Student: Jared Sullivan, Class of 2020, Concentration- Biomedical Engineering (A.B.)
Faculty: Yael Arbel, CCC-SLP, Ph.D., Associate Professor, Department of Communication Sciences and Disorders; Co-Director of the Cognitive Neuroscience Group, MGH Institute of Health Professions
Project Title: Signal analysis of Event Related Potentials (ERPs) in the study of typical and atypical feedback-based learning in children
Working in Dr. Yael Arbel’s lab as part of the Cognitive Neuroscience Group at the MGH Institute of Health Professions has been a very rewarding experience. As a Biomedical Engineering concentrator with a specific interest in neuroscience, I enjoyed learning about research applications of topics introduced in class, especially how Event Related Potentials (ERPs), which are extracted from the EEG, can be implemented to study differences in cognitive processes among individuals with typical and atypical learning abilities. Specifically, the research team that I worked on this summer aims to elucidate the extent to which children with Developmental Language Disorder (DLD) have an impaired ability to learn from feedback, by eliciting and measuring an Event Related Potential associated with feedback processing (i.e., the Feedback Related Negativity, or FRN which is elicited roughly 200-300 ms after a feedback stimulus is presented). This study tests both a group of children with DLD and a control group of typically developing children with a declarative learning task that incorporates feedback-based learning, and therefore will elicit the FRN component of the EEG signal. As part of this team, I worked to better capture the EEG signal of interest while eliminating background noise such as eye blinks or motion-related artifacts. We were able to use EEGLAB, a MATLAB based program, to optimize a data cleaning protocol that saved as much quality signal as possible, while eliminating unwanted noise. Along the way, I learned about statistical separation techniques like Independent Components Analysis (ICA) and Principal Components Analysis (PCA), as well as how to identify various noise artifacts based on component property plots. One significant side project that I worked on this summer was creating a MATLAB script to analyze, both visually and statistically, the results of a Serial Reaction Time (SRT) task that again was concerned with capturing cognitive differences between DLD and typically developing children, but this time by testing implicit sequence learning.

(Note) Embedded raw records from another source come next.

(* Let $X,Y$ be u.l.f.\ metric spaces and let $\alpha\colon X\to\mathrm{Fin}(Y)$ and $\beta\colon Y\to\mathrm{Fin}(X)$ be functions such that (Bij1) whenever $f\colon X\to Y$ and $g\colon Y\to X$ satisfy $f(x)\in\alpha(x)$ for all $x\in X$ and $g(y)\in\beta(y)$ for all $y\in Y$, then $f$ and $g$ are mutually inverse coarse equivalences (in particular all $\alpha(x)$, $\beta(y)$ are nonempty); and (Bij2) for every finite $A\subseteq X$ and finite $B\subseteq Y$, $|A|\le|\bigcup_{x\in A}\alpha(x)|$ and $|B|\le|\bigcup_{y\in B}\beta(y)|$. Then every function $f\colon X\to Y$ with $f(x)\in\alpha(x)$ for all $x\in X$ is close to a bijective coarse equivalence $X\to Y$.
   Context: $\mathrm{Fin}(Y)$ is the set of finite subsets of $Y$. A map $f\colon X\to Y$ is coarse if for every $r>0$ there is $s>0$ with $d_X(x,x')\le r\Rightarrow d_Y(f(x),f(x'))\le s$; $f,f'$ are close if $\sup_x d_Y(f(x),f'(x))<\infty$; coarse maps $f\colon X\to Y$, $g\colon Y\to X$ are mutually inverse coarse equivalences if $f\circ g$ is close to $\mathrm{Id}_Y$ and $g\circ f$ close to $\mathrm{Id}_X$. *)

theory Defs
  imports "HOL-Analysis.Analysis"
begin

definition ulf :: "'a set \<Rightarrow> ('a \<Rightarrow> 'a \<Rightarrow> real) \<Rightarrow> bool" where
  "ulf X d \<longleftrightarrow> (\<forall>r>0. \<exists>N::nat. \<forall>x\<in>X.
      finite {y\<in>X. d x y \<le> r} \<and> card {y\<in>X. d x y \<le> r} \<le> N)"

definition coarse_map ::
  "'a set \<Rightarrow> ('a \<Rightarrow> 'a \<Rightarrow> real) \<Rightarrow> 'b set \<Rightarrow> ('b \<Rightarrow> 'b \<Rightarrow> real) \<Rightarrow> ('a \<Rightarrow> 'b) \<Rightarrow> bool" where
  "coarse_map X dX Y dY f \<longleftrightarrow> (\<forall>x\<in>X. f x \<in> Y) \<and>
     (\<forall>r>0. \<exists>s>0. \<forall>x\<in>X. \<forall>x'\<in>X. dX x x' \<le> r \<longrightarrow> dY (f x) (f x') \<le> s)"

I hope to apply my research experience and knowledge gained from Dr. Yael Arbel’s lab to future neuroscience classes, as well as potentially to a medical career. The clinical nature of this research and its applications to the treatment and teaching of children with language disorders was very appealing to me. Thinking about some of the neuroscience topics taught in class from a research perspective with possible clinical benefits was certainly an experience that increased my interest in neuroscience. I am very grateful for Dr. Arbel and everyone in her lab for this opportunity, and I look forward to approaching my future studies and eventually my career options with this new understanding of the close relationship between scientific research and medicine.